# Task objective:
Each line containing the word "dots" must be copied from the material below.

# Input material:

text \<open>A variable-rate version of (1 - L/n)^n --> exp(-L): if c_n --> L then
  (1 - c_n/n)^n --> exp(-L).  Proved by squeezing n ln p_n between -c_n/p_n
  and -c_n, using 1 - 1/p <= ln p <= p - 1.\<close>
lemma power_one_minus_div_tendsto_exp:
  fixes c p :: "nat \<Rightarrow> real"
  assumes c: "c \<longlonglongrightarrow> L" and p: "\<And>n. n \<ge> 1 \<Longrightarrow> p n = 1 - c n / real n"
  shows "(\<lambda>n. p n ^ n) \<longlonglongrightarrow> exp (- L)"
proof -
  have "(\<lambda>n. 1 - c n * inverse (real n)) \<longlonglongrightarrow> 1 - L * 0"
    by (intro tendsto_intros c lim_inverse_n)
  then have "(\<lambda>n. 1 - c n / real n) \<longlonglongrightarrow> 1"
    by (simp add: divide_inverse)
  then have p_lim: "p \<longlonglongrightarrow> 1"
    by (rule Lim_transform_eventually) (auto simp: p eventually_sequentially intro!: exI[of _ 1])
  have large: "eventually (\<lambda>n. p n > 0 \<and> n \<ge> 1) sequentially"
    by (intro eventually_conj order_tendstoD(1)[OF p_lim] eventually_ge_at_top) simp
  have c_eq: "c n = real n * (1 - p n)" if "n \<ge> 1" for n
    using p[OF that] that by (simp add: field_simps)
  have log_lim: "(\<lambda>n. real n * ln (p n)) \<longlonglongrightarrow> - L"
  proof (rule tendsto_sandwich)
    show "eventually (\<lambda>n. - c n / p n \<le> real n * ln (p n)) sequentially"
      using large
    proof (rule eventually_mono)
      fix n assume n: "p n > 0 \<and> n \<ge> 1"
      have "1 - 1 / p n \<le> ln (p n)"
        using ln_le_minus_one[of "1 / p n"] n by (simp add: ln_div)
      then have "real n * (1 - 1 / p n) \<le> real n * ln (p n)"
        by (intro mult_left_mono) auto
      then show "- c n / p n \<le> real n * ln (p n)"
        using n by (simp add: c_eq field_simps)
    qed
    show "eventually (\<lambda>n. real n * ln (p n) \<le> - c n) sequentially"
      using large
    proof (rule eventually_mono)
      fix n assume n: "p n > 0 \<and> n \<ge> 1"
      have "real n * ln (p n) \<le> real n * (p n - 1)"
        using ln_le_minus_one[of "p n"] n by (intro mult_left_mono) auto
      then show "real n * ln (p n) \<le> - c n"
        using n by (simp add: c_eq algebra_simps)
    qed
    show "(\<lambda>n. - c n / p n) \<longlonglongrightarrow> - L"
      using tendsto_divide[OF tendsto_minus[OF c] p_lim] by simp
    show "(\<lambda>n. - c n) \<longlonglongrightarrow> - L"
      using c by (rule tendsto_minus)
  qed
  have "(\<lambda>n. exp (real n * ln (p n))) \<longlonglongrightarrow> exp (- L)"
    using log_lim by (rule tendsto_exp)
  then show ?thesis
    by (rule Lim_transform_eventually)
       (use large in \<open>auto elim!: eventually_mono simp: exp_of_nat_mult\<close>)
qed

section \<open>The functional a \<mapsto> max (max_j a_j / x_j, 0)\<close>

text \<open>pos_max_ratio x a is the (positive part of the) smallest scale s such
  that a \<le> s x coordinatewise; for a = A it is the random scale B of the proof.\<close>
definition pos_max_ratio :: "real ^ 'd \<Rightarrow> real ^ 'd \<Rightarrow> real" where
  "pos_max_ratio x a = max (Max (range (\<lambda>j. a $ j / x $ j))) 0"

lemma pos_max_ratio_nonneg: "pos_max_ratio x a \<ge> 0"
  by (simp add: pos_max_ratio_def)

lemma borel_measurable_pos_max_ratio [measurable]:
  "pos_max_ratio x \<in> borel_measurable borel"
  unfolding pos_max_ratio_def by measurable

lemma pos_max_ratio_le_iff:
  "t \<ge> 0 \<Longrightarrow> pos_max_ratio x a \<le> t \<longleftrightarrow> (\<forall>j. a $ j / x $ j \<le> t)"
  unfolding pos_max_ratio_def by (auto simp: Max_le_iff)

lemma all_le_iff_pos_max_ratio:
  assumes x_pos: "\<And>j. x $ j > 0" and "z > 0" "t \<ge> 0"
  shows "(\<forall>j. a $ j * z \<le> t * x $ j) \<longleftrightarrow> z * pos_max_ratio x a \<le> t"
proof -
  have "z * pos_max_ratio x a \<le> t \<longleftrightarrow> pos_max_ratio x a \<le> t / z"
    using \<open>z > 0\<close> by (simp add: pos_le_divide_eq mult.commute)
  also have "\<dots> \<longleftrightarrow> (\<forall>j. a $ j / x $ j \<le> t / z)"
    using assms by (simp add: pos_max_ratio_le_iff)
  also have "\<dots> \<longleftrightarrow> (\<forall>j. a $ j * z \<le> t * x $ j)"
    using \<open>z > 0\<close> x_pos by (simp add: field_simps)
  finally show ?thesis by simp
qed

lemma pos_max_ratio_le_sum:
  assumes x_pos: "\<And>j. x $ j > 0"
  shows "pos_max_ratio x a \<le> (\<Sum>j\<in>UNIV. max (a $ j) 0 / x $ j)"
proof -
  have nonneg: "0 \<le> max (a $ j) 0 / x $ j" for j
    using x_pos[of j] by simp
  have "a $ j / x $ j \<le> (\<Sum>j\<in>UNIV. max (a $ j) 0 / x $ j)" for j
  proof -
    have "a $ j / x $ j \<le> max (a $ j) 0 / x $ j"
      using x_pos[of j] by (intro divide_right_mono) auto
    also have "\<dots> \<le> (\<Sum>j\<in>UNIV. max (a $ j) 0 / x $ j)"
      by (rule member_le_sum) (auto simp: nonneg)
    finally show ?thesis .
  qed
  moreover have "0 \<le> (\<Sum>j\<in>UNIV. max (a $ j) 0 / x $ j)"
    by (intro sum_nonneg nonneg)
  ultimately show ?thesis
    by (simp add: pos_max_ratio_le_iff)
qed

lemma integrable_pos_max_ratio:
  fixes A :: "'a \<Rightarrow> real ^ 'd"
  assumes [measurable]: "A \<in> borel_measurable M"
    and A_int: "\<And>j. integrable M (\<lambda>\<omega>. max (A \<omega> $ j) 0)"
    and x_pos: "\<And>j. x $ j > 0"
  shows "integrable M (\<lambda>\<omega>. pos_max_ratio x (A \<omega>))"
proof (rule Bochner_Integration.integrable_bound)
  show "integrable M (\<lambda>\<omega>. \<Sum>j\<in>UNIV. max (A \<omega> $ j) 0 / x $ j)"
    by (intro Bochner_Integration.integrable_sum Bochner_Integration.integrable_divide A_int)
  show "AE \<omega> in M. norm (pos_max_ratio x (A \<omega>)) \<le> norm (\<Sum>j\<in>UNIV. max (A \<omega> $ j) 0 / x $ j)"
  proof (intro AE_I2)
    fix \<omega>
    have "pos_max_ratio x (A \<omega>) \<le> (\<Sum>j\<in>UNIV. max (A \<omega> $ j) 0 / x $ j)"
      using x_pos by (rule pos_max_ratio_le_sum)
    then show "norm (pos_max_ratio x (A \<omega>)) \<le> norm (\<Sum>j\<in>UNIV. max (A \<omega> $ j) 0 / x $ j)"
      using pos_max_ratio_nonneg[of x "A \<omega>"] by simp
  qed
qed measurable

section \<open>A unit Frechet variable times an independent nonnegative scale\<close>

context prob_space
begin

text \<open>Independence of the sigma-algebras generated by X and Y passes to X and
  any measurable function of Y, since g o Y generates a smaller sigma-algebra.\<close>
lemma indep_var_generated_compose:
  assumes indep: "indep_set (sigma_sets (space M) {X -` C \<inter> space M | C. C \<in> sets S})
      (sigma_sets (space M) {Y -` C \<inter> space M | C. C \<in> sets N})"
    and X: "random_variable S X" and Y: "random_variable N Y" and g: "g \<in> measurable N T"
  shows "indep_var S X T (\<lambda>\<omega>. g (Y \<omega>))"
proof -
  have "{(\<lambda>\<omega>. g (Y \<omega>)) -` C \<inter> space M | C. C \<in> sets T}
      \<subseteq> {Y -` C \<inter> space M | C. C \<in> sets N}"
  proof safe
    fix C assume "C \<in> sets T"
    then have "g -` C \<inter> space N \<in> sets N"
      using g by (rule measurable_sets[rotated])
    moreover have "(\<lambda>\<omega>. g (Y \<omega>)) -` C \<inter> space M = Y -` (g -` C \<inter> space N) \<inter> space M"
      using measurable_space[OF Y] by auto
    ultimately show "\<exists>C'. (\<lambda>\<omega>. g (Y \<omega>)) -` C \<inter> space M = Y -` C' \<inter> space M \<and> C' \<in> sets N"
      by blast
  qed
  then have "sigma_sets (space M) {(\<lambda>\<omega>. g (Y \<omega>)) -` C \<inter> space M | C. C \<in> sets T}
      \<subseteq> sigma_sets (space M) {Y -` C \<inter> space M | C. C \<in> sets N}"
    by (rule sigma_sets_mono')
  then have "indep_set (sigma_sets (space M) {X -` C \<inter> space M | C. C \<in> sets S})
      (sigma_sets (space M) {(\<lambda>\<omega>. g (Y \<omega>)) -` C \<inter> space M | C. C \<in> sets T})"
    using indep unfolding indep_sets2_eq by blast
  then show ?thesis
    using X Y g by (simp add: indep_var_eq)
qed

text \<open>A unit Frechet variable is almost surely positive: P(Z \<le> 0) \<le> P(Z \<le> 1/k) = exp(-k).\<close>
lemma frechet_AE_pos:
  assumes [measurable]: "Z \<in> borel_measurable M"
    and frechet: "\<And>z. z > 0 \<Longrightarrow> prob {\<omega> \<in> space M. Z \<omega> \<le> z} = exp (- 1 / z)"
  shows "AE \<omega> in M. Z \<omega> > 0"
proof -
  have bound: "prob {\<omega> \<in> space M. Z \<omega> \<le> 0} \<le> exp (- real (Suc k))" for k
  proof -
    have "prob {\<omega> \<in> space M. Z \<omega> \<le> 0} \<le> prob {\<omega> \<in> space M. Z \<omega> \<le> 1 / real (Suc k)}"
      by (rule finite_measure_mono) (auto intro: order_trans[of _ 0])
    also have "\<dots> = exp (- real (Suc k))"
      by (subst frechet) auto
    finally show ?thesis .
  qed
  have "(\<lambda>k. exp (- real (Suc k))) \<longlonglongrightarrow> 0"
    by real_asymp
  then have "prob {\<omega> \<in> space M. Z \<omega> \<le> 0} \<le> 0"
    by (rule LIMSEQ_le_const) (use bound in auto)
  then have "{\<omega> \<in> space M. Z \<omega> \<le> 0} \<in> null_sets M"
    by (intro null_setsI) (simp_all add: emeasure_eq_measure measure_le_0_iff)
  then have "AE \<omega> in M. \<omega> \<notin> {\<omega> \<in> space M. Z \<omega> \<le> 0}"
    by (rule AE_not_in)
  then show ?thesis
    by (auto elim: AE_mp)
qed

lemma threshold_event_eq_pos_max_ratio:
  fixes A :: "'a \<Rightarrow> real ^ 'd"
  assumes Z_rv [measurable]: "Z \<in> borel_measurable M"
    and A_rv [measurable]: "A \<in> borel_measurable M"
    and Z_pos: "AE \<omega> in M. Z \<omega> > 0" and x_pos: "\<And>j. x $ j > 0" and "t \<ge> 0"
  shows "prob {\<omega> \<in> space M. \<forall>j. A \<omega> $ j * Z \<omega> \<le> t * x $ j}
      = prob {\<omega> \<in> space M. Z \<omega> * pos_max_ratio x (A \<omega>) \<le> t}"
proof (rule measure_eq_AE)
  show "AE \<omega> in M. (\<omega> \<in> {\<omega> \<in> space M. \<forall>j. A \<omega> $ j * Z \<omega> \<le> t * x $ j})
      = (\<omega> \<in> {\<omega> \<in> space M. Z \<omega> * pos_max_ratio x (A \<omega>) \<le> t})"
    using Z_pos by eventually_elim (simp add: all_le_iff_pos_max_ratio x_pos \<open>t \<ge> 0\<close>)
  have "{\<omega> \<in> space M. \<forall>j. A \<omega> $ j * Z \<omega> \<le> t * x $ j}
      = {\<omega> \<in> space M. \<forall>j\<in>UNIV. A \<omega> $ j * Z \<omega> \<le> t * x $ j}" by simp
  also have "\<dots> \<in> sets M"
    by measurable (auto intro: Z_rv measurable_compose[OF A_rv borel_measurable_nth])
  finally show "{\<omega> \<in> space M. \<forall>j. A \<omega> $ j * Z \<omega> \<le> t * x $ j} \<in> sets M" .
  show "{\<omega> \<in> space M. Z \<omega> * pos_max_ratio x (A \<omega>) \<le> t} \<in> sets M"
    by measurable
qed

lemma frechet_scale_le:
  assumes frechet: "\<And>z. z > 0 \<Longrightarrow> prob {\<omega> \<in> space M. Z \<omega> \<le> z} = exp (- 1 / z)"
    and "b \<ge> 0" "t > 0"
  shows "prob {\<omega> \<in> space M. Z \<omega> * b \<le> t} = exp (- b / t)"
proof (cases "b = 0")
  case True
  then show ?thesis using \<open>t > 0\<close> by (simp add: prob_space)
next
  case False
  with \<open>b \<ge> 0\<close> have "b > 0" by simp
  then have "{\<omega> \<in> space M. Z \<omega> * b \<le> t} = {\<omega> \<in> space M. Z \<omega> \<le> t / b}"
    by (auto simp: pos_le_divide_eq)
  then show ?thesis
    using \<open>b > 0\<close> \<open>t > 0\<close> by (simp add: frechet)
qed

# Solution for this problem:
  also have "\<dots> \<longleftrightarrow> (\<forall>j. a $ j / x $ j \<le> t / z)"
  also have "\<dots> \<longleftrightarrow> (\<forall>j. a $ j * z \<le> t * x $ j)"
    also have "\<dots> \<le> (\<Sum>j\<in>UNIV. max (a $ j) 0 / x $ j)"
    also have "\<dots> = exp (- real (Suc k))"
  also have "\<dots> \<in> sets M"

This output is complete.